I work in the analytics space and have a few thoughts I can offer up - I apologize for the length

 

Data Science is growing into a top degree and career path based on these studies. Analytics / Big Data is not just a baseball thing anymore as businesses everywhere are interested in data.

https://www.indeed.com/jobtrends?q=Big-Data%2C+data-science&l=&relative=1

http://www.teachthought.com/everything-else/a-new-social-science-statistics-outgrowing-other-stem-fields/

 

I had received a powerpoint from a Cubs Season Ticket Holder that was given by Jed Hoyer and had a graph showing that Analysts in MLB have grown from 33 in 2009 to 142 in 2016 for a 330% increase. I would imagine that number will continue to skyrocket as teams are building their secret sauce through data. So what does all of this have to do with the Pina vs Broxton to bunt vs not bunt? It points to teams are building these big data systems and these systems will pull in many factors to consider. But in the end, these systems have variability as there is more than 1 way to build the house. The op has a link to the run scoring as a hole. 68 % when runners at 2nd/3rd with 1 out and 61% when 1st/2nd with 0 out. One can ask is that enough or what else can we consider?

 

Splits of Pina vs Broxton vs players on the bench. Splits for 2017 vs their career.

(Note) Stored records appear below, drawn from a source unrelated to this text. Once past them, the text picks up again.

lemma ostrowski_rep_extend:
  assumes a_pos: "\<forall>j\<ge>1. a j \<ge> 1"
    and rep: "ostrowski_rep a g r" and supp: "\<forall>j\<ge>m. g j = 0" and "1 \<le> m"
    and c: "c \<le> a (Suc m)" and c_max: "c = a (Suc m) \<Longrightarrow> g (m - 1) = 0"
  shows "ostrowski_rep a (g(m := c)) (c * cf_q a m + r)"
proof -
  have supp': "\<forall>j\<ge>Suc m. (g(m := c)) j = 0"
    using supp by simp
  have "finite {j. (g(m := c)) j \<noteq> 0}"
    by (rule finite_subset[of _ "{..m}"]) (use supp' not_less_eq_eq in auto)
  moreover have "\<forall>j\<ge>2. (g(m := c)) j = a (Suc j) \<longrightarrow> (g(m := c)) (j - 1) = 0"
  proof (intro allI impI)
    fix j assume "2 \<le> j" and j_max: "(g(m := c)) j = a (Suc j)"
    consider "j < m" | "j = m" | "m < j" by linarith
    then show "(g(m := c)) (j - 1) = 0"
    proof cases
      case 1
      then show ?thesis
        using rep \<open>2 \<le> j\<close> j_max unfolding ostrowski_rep_def by auto
    next
      case 2
      then show ?thesis
        using c_max j_max \<open>1 \<le> m\<close> by auto
    next
      case 3
      then have "(g(m := c)) j = 0"
        using supp by simp
      moreover have "1 \<le> a (Suc j)"
        using a_pos by simp
      ultimately show ?thesis
        using j_max by simp
    qed
  qed
  moreover have "(\<Sum>j\<in>{j. (g(m := c)) j \<noteq> 0}. (g(m := c)) j * cf_q a j) = c * cf_q a m + r"
  proof -
    have "(\<Sum>j\<in>{j. (g(m := c)) j \<noteq> 0}. (g(m := c)) j * cf_q a j)
        = (\<Sum>j<Suc m. (g(m := c)) j * cf_q a j)"
      by (rule ostrowski_sum_lessThan[OF supp'])
    also have "\<dots> = (\<Sum>j<m. g j * cf_q a j) + c * cf_q a m"
      by simp
    also have "(\<Sum>j<m. g j * cf_q a j) = r"
      using rep ostrowski_sum_lessThan[OF supp] unfolding ostrowski_rep_def by simp
    finally show ?thesis by simp
  qed
  moreover have "(g(m := c)) 0 = 0" "\<forall>j. (g(m := c)) j \<le> a (Suc j)"
    using rep c \<open>1 \<le> m\<close> unfolding ostrowski_rep_def by auto
  ultimately show ?thesis
    unfolding ostrowski_rep_def by simp
qed

lemma ostrowski_rep_zero: "ostrowski_rep a (\<lambda>_. 0) 0"
  unfolding ostrowski_rep_def by simp

lemma ostrowski_rep_exists:
  assumes a_pos: "\<forall>j\<ge>1. a j \<ge> 1" and a1: "a 1 = 1" and "r < cf_q a n"
  shows "\<exists>g. ostrowski_rep a g r \<and> (\<forall>j\<ge>n. g j = 0)"
  using assms(3)
proof (induction n arbitrary: r rule: less_induct)
  case (less n)
  show ?case
  proof (cases "n \<le> 1")
    case True
    then have "r = 0"
      using less.prems a1 by (auto simp: le_Suc_eq)
    then show ?thesis
      using ostrowski_rep_zero by blast
  next
    case False
    then obtain m where n: "n = Suc m" and "1 \<le> m"
      by (cases n) auto
    have q_m: "1 \<le> cf_q a m"
      using cf_q_pos[OF a_pos] .
    show ?thesis
    proof (cases "r < a (Suc m) * cf_q a m")
      case True
      obtain g where g: "ostrowski_rep a g (r mod cf_q a m)" "\<forall>j\<ge>m. g j = 0"
        using less.IH[of m "r mod cf_q a m"] n q_m by auto
      have "r div cf_q a m < a (Suc m)"
        using True q_m by (simp add: less_mult_imp_div_less)
      then have "ostrowski_rep a (g(m := r div cf_q a m)) r"
        using ostrowski_rep_extend[OF a_pos g \<open>1 \<le> m\<close>, of "r div cf_q a m"]
        by (simp add: div_mult_mod_eq)
      then show ?thesis
        using g(2) n by auto
    next
      case False
      define r' where "r' = r - a (Suc m) * cf_q a m"
      have "r' < cf_q a (m - 1)"
        using False less.prems cf_q_Suc[OF \<open>1 \<le> m\<close>, of a] n unfolding r'_def by simp
      then obtain g where g: "ostrowski_rep a g r'" "\<forall>j\<ge>m - 1. g j = 0"
        using less.IH[of "m - 1" r'] n by fastforce
      then have "ostrowski_rep a (g(m := a (Suc m))) (a (Suc m) * cf_q a m + r')"
        using ostrowski_rep_extend[OF a_pos g(1) _ \<open>1 \<le> m\<close>] by simp
      then show ?thesis
        using False g(2) n unfolding r'_def by auto
    qed
  qed
qed

lemma Neg_le_1: "m \<le> 1 \<Longrightarrow> Neg x m = 0"
  unfolding Neg_def by auto

lemma Neg_Suc: "Neg x (Suc m) = Neg x m + of_bool (0 < m \<and> x m < 0)"
proof (cases "0 < m \<and> x m < 0")
  case True
  then have "{k. 0 < k \<and> k < Suc m \<and> x k < 0} = insert m {k. 0 < k \<and> k < m \<and> x k < 0}"
    by (auto simp: less_Suc_eq)
  then show ?thesis
    unfolding Neg_def using True by simp
next
  case False
  then have "{k. 0 < k \<and> k < Suc m \<and> x k < 0} = {k. 0 < k \<and> k < m \<and> x k < 0}"
    by (auto simp: less_Suc_eq)
  then show ?thesis
    unfolding Neg_def using False by simp
qed
(* Let $d\ge 1$ be an integer, let $\sigma>0$, and let $R_N(u)=\frac{\sigma}{4}\int_{\mathbb{T}^d} :\! u_N^4\!:\,dx$ (the renormalized quartic potential energy described in the context). Then, for any $K>0$, \[ \sup_{N\in\mathbb{N}}\mathbb{E}_\mu\big[e^{R_N(u)}\big]\ \ge\ \sup_{N\in\mathbb{N}}\mathbb{E}_\mu\Big[\mathbf 1_{\{\int_{\mathbb{T}^d}:u_N^2:\,dx\le K\}}e^{R_N(u)}\Big]\ \ge\ \sup_{N\in\mathbb{N}}\mathbb{E}_\mu\Big[\mathbf 1_{\{|\int_{\mathbb{T}^d}:u_N^2:\,dx|\le K\}}e^{R_N(u)}\Big]=\infty . \] In particular, the focusing quartic Gibbs measure $Z^{-1}e^{R(u)}d\mu$, even with a Wick-ordered $L^2$-cutoff, cannot be defined as a probability measure.
   Context: $\mathbb{T}^d=(\mathbb{R}/2\pi\mathbb{Z})^d$ is equipped with the normalized Lebesgue measure $dx=(2\pi)^{-d}dx_{\mathrm{Leb}}$; $e_n(x)=e^{in\cdot x}$, $\langle n\rangle=(1+|n|^2)^{1/2}$. The log-correlated Gaussian field $\mu$ is the law of the random distribution $u=\sum_{n\in\mathbb{Z}^d}\langle n\rangle^{-d/2}g_n e_n$, where $\{g_n\}_{n\in\mathbb{Z}^d}$ are independent standard complex Gaussian random variables conditioned on $g_{-n}=\overline{g_n}$ (so $g_0$ is a standard real Gaussian); formally $d\mu=Z^{-1}e^{-\frac12\|u\|_{H^{d/2}}^2}du$. For $N\in\mathbb{N}$, $\pi_N f=\sum_{|n|\le N}\widehat f(n)e_n$ and $u_N=\pi_N u$. Set $\sigma_N=\mathbb{E}[u_N(x)^2]=\sum_{|n|\le N}\langle n\rangle^{-d}$ (independent of $x$). Wick powers are $:\!u_N^k\!:\,=H_k(u_N;\sigma_N)$, where $H_k(x;s)$ are the Hermite polynomials with variance parameter $s$, defined by $e^{tx-\frac12 s t^2}=\sum_{k\ge0}\frac{t^k}{k!}H_k(x;s)$; in particular $:\!u_N^2\!:\,=u_N^2-\sigma_N$ and $:\!u_N^4\!:\,=u_N^4-6\sigma_N u_N^2+3\sigma_N^2$. *)

theory Defs
  imports "HOL-Probability.Probability"
begin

https://www.baseball-reference.com/players/split.fcgi?id=broxtke01&year=2017&t=b

https://www.baseball-reference.com/players/split.fcgi?id=pinama01&year=2017&t=b

 

How about the current pitcher Tommy Hunter is he a fly ball pitcher or a ground ball pitcher

https://www.baseball-reference.com/players/split.fcgi?id=hunteto02&year=2017&t=p

 

As the OP stated "statistics often times are interpretive" and I agree with that. Teams are building their framework around what they believe to be important factors and leaving others out. Some teams may look at position player bunting or maybe bunting with a person on 1 / 2. How fast is the person at 2nd base? Can he get thrown out at 3rd? What is the chance for a double play with 1st/2nd with current hitter? Is there a better player on the bench to deliver a fly ball? Will they walk that person to load the bases up and then what is the double play rate for the next person due up? So many variables

 

As many have stated - statistics don't give you absolutes - they paint pictures. However different artists paint different pictures. One analyst may rely more on one set of data and another on a different set. In the end, teams are building trust into their analytics machine. While fans don't sit there with an ipad connected to terabytes of data, teams do and their scientists are in place to make sure it is readily available during the game to help them make in game decisions. So I would lean towards answering the OP's question / comment around assumption that analytics people assume there are no quantifiable variations to be I bet you they do it's just not readily available on baseball-reference.com and sometimes not statistics based. (Pitcher looks tired, maybe Pina or Broxton has hit the ball well all day, etc, etc)

 

My assumption is these teams are taking gobs of data and presenting multiple scenarios for the manager to consider and then Counsel ultimately makes the final call. I would love to get a peak into these systems to see the data being given to the coaching staff these days.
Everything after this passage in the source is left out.